- Born: 15 October 1886 Kingston, Jamaica
- Died: 13 September 1962 (aged 75) London, UK
- Genre: poetry; history; war correspondence;

= Walter Adolphe Roberts =

Jamaican writer (1886-1962)

Walter Adolphe Roberts (1886–1962) was a Jamaican born novelist, poet, and historian.
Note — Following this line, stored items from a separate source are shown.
text \<open>Node a sends the traces tr(lambda_a e_j f(a)) for a K-basis e_j of the span of the
  g_i(a); these determine tr(lambda_a g_i(a) f(a)) for every i, hence by the trace of the check
  equations the t traces tr(lambda_a* g_i(a*) f(a*)), which determine f(a*) through the dual
  basis.\<close>

lemma check_repair_scheme: "linear_repair_scheme K A k astar (check_b K g t)"
proof -
  define b where "b = check_b K g t"
  obtain E C where coords: "\<And>\<alpha> i. i \<in> {1..t} \<Longrightarrow>
      (\<forall>j. C \<alpha> i j \<in> K) \<and> poly (g i) \<alpha> = (\<Sum>j<b \<alpha>. C \<alpha> i j * E \<alpha> j)"
    using check_values_coordinates unfolding b_def by blast
  define u where "u i = lagrange_weight astar * poly (g i) astar" for i
  obtain \<nu> where \<nu>: "\<And>z. z = (\<Sum>i\<in>{1..t}. tr (u i * z) * \<nu> i)"
    using tr_dual_basis k_span_check_values_astar[OF lagrange_weight_nonzero[OF astar_in_A]]
    unfolding u_def by blast
  define \<mu> where "\<mu> \<alpha> j y = tr (lagrange_weight \<alpha> * E \<alpha> j * y)" for \<alpha> j y
  define Y where "Y i x = - (\<Sum>\<alpha>\<in>A - {astar}. \<Sum>j<b \<alpha>. C \<alpha> i j * x \<alpha> j)"
    for i and x :: "'a \<Rightarrow> nat \<Rightarrow> 'a"
  define R where "R x = (\<Sum>i\<in>{1..t}. Y i x * \<nu> i)" for x
  have "k_linear_functional K (\<mu> \<alpha> j)" for \<alpha> j
    unfolding k_linear_functional_def \<mu>_def
    by (simp add: distrib_left tr_add tr_mult_K mult.left_commute)
  moreover have "R (\<lambda>\<alpha> j. c * x \<alpha> j + y \<alpha> j) = c * R x + R y" for c x y
  proof -
    have "Y i (\<lambda>\<alpha> j. c * x \<alpha> j + y \<alpha> j) = c * Y i x + Y i y" for i
      unfolding Y_def by (simp add: distrib_left sum.distrib sum_distrib_left mult.left_commute)
    then show ?thesis
      unfolding R_def by (simp add: distrib_right sum.distrib sum_distrib_left mult.assoc)
  qed
  moreover have "R (download A astar b \<mu> f) = poly f astar" if f: "rs_msg k f" for f
  proof -
    have node: "(\<Sum>j<b \<alpha>. C \<alpha> i j * download A astar b \<mu> f \<alpha> j)
        = tr (lagrange_weight \<alpha> * poly (g i) \<alpha> * poly f \<alpha>)" if "\<alpha> \<in> A - {astar}" "i \<in> {1..t}" for \<alpha> i
    proof -
      have "(\<Sum>j<b \<alpha>. C \<alpha> i j * download A astar b \<mu> f \<alpha> j)
          = (\<Sum>j<b \<alpha>. C \<alpha> i j * tr (lagrange_weight \<alpha> * E \<alpha> j * poly f \<alpha>))"
        using that(1) unfolding download_def \<mu>_def by (intro sum.cong) auto
      then show ?thesis using coords[OF that(2), of \<alpha>] by (simp add: tr_K_combination_mult)
    qed
    have "Y i (download A astar b \<mu> f) = tr (u i * poly f astar)" if "i \<in> {1..t}" for i
      using tr_check_equation[OF f, of i] node[OF _ that] unfolding Y_def u_def by simp
    then have "R (download A astar b \<mu> f) = (\<Sum>i\<in>{1..t}. tr (u i * poly f astar) * \<nu> i)"
      unfolding R_def by simp
    then show ?thesis using \<nu>[of "poly f astar"] by simp
  qed
  ultimately show ?thesis unfolding linear_repair_scheme_def b_def[symmetric] by blast
qed
lemma expectation_fdp_term_le:
  assumes j: "j \<in> {1..m}"
  shows "expectation (\<lambda>\<omega>. fdp_term \<alpha> Dcal n m (summary_of (sample id \<omega>)) j) \<le> \<alpha> / real m"
proof -
  let ?U = "Dcal \<union> {n + j}"
  let ?F = "\<lambda>\<pi> \<omega>. fdp_term \<alpha> Dcal n m (summary_of (sample \<pi> \<omega>)) j"
  let ?\<sigma> = "\<lambda>u. Transposition.transpose (n + j) u"
  define N where "N = real (card Dcal) + 1"
  have "N > 0" unfolding N_def by simp
  have "n + j \<notin> Dcal" using j Dcal_disj by auto
  then have "real (card ?U) = N" unfolding N_def using Dcal_fin by simp
  then have "N * expectation (?F id) = (\<Sum>u\<in>?U. expectation (?F (?\<sigma> u)))"
    using expectation_fdp_term_transpose[OF j] by simp
  also have "\<dots> = expectation (\<lambda>\<omega>. \<Sum>u\<in>?U. ?F (?\<sigma> u) \<omega>)"
    using integrable_fdp_term_sample transpose_in_units[OF j] by (intro Bochner_Integration.integral_sum[symmetric]) blast
  also have "\<dots> \<le> expectation (\<lambda>_. \<alpha> * N / real m)"
  proof (rule integral_mono_AE)
    show "integrable M (\<lambda>\<omega>. \<Sum>u\<in>?U. ?F (?\<sigma> u) \<omega>)"
      using integrable_fdp_term_sample transpose_in_units[OF j] by (intro Bochner_Integration.integrable_sum) blast
    show "AE \<omega> in M. (\<Sum>u\<in>?U. ?F (?\<sigma> u) \<omega>) \<le> \<alpha> * N / real m"
      using no_ties by eventually_elim (use sum_fdp_term_transpose_le[OF j] in \<open>simp add: N_def\<close>)
  qed simp
  also have "\<dots> = N * (\<alpha> / real m)" by (simp add: prob_space)
  finally show ?thesis using \<open>N > 0\<close> by (simp only: mult_le_cancel_left_pos)
qed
Roberts served as a war correspondent during World War I, editor of multiple periodicals including Ainslee's Magazine, and authored over a dozen books.

== Life and career ==

Roberts was born in Kingston, Jamaica on 15 October 1886.

He was an editor, war correspondent, and the author of several books of poetry and prose, as well as a historian of Jamaica and the Caribbean.

In 1938 Roberts met Wilfred Adolphus Domingo and the two formed the Jamaica Progressive League.

During his lifetime Roberts received several awards, including the Silver Musgrave Medal from the Institute of Jamaica (1941), the Carlos Manuel de Cespedes Order of Merit (1950), the Gold Musgrave Medal from the Institute of Jamaica (1954), the title of Officer of the Most Excellent Order of the British Empire (1961), and was posthumously awarded the Commander of the Order of Distinction by the Jamaican Government (1977).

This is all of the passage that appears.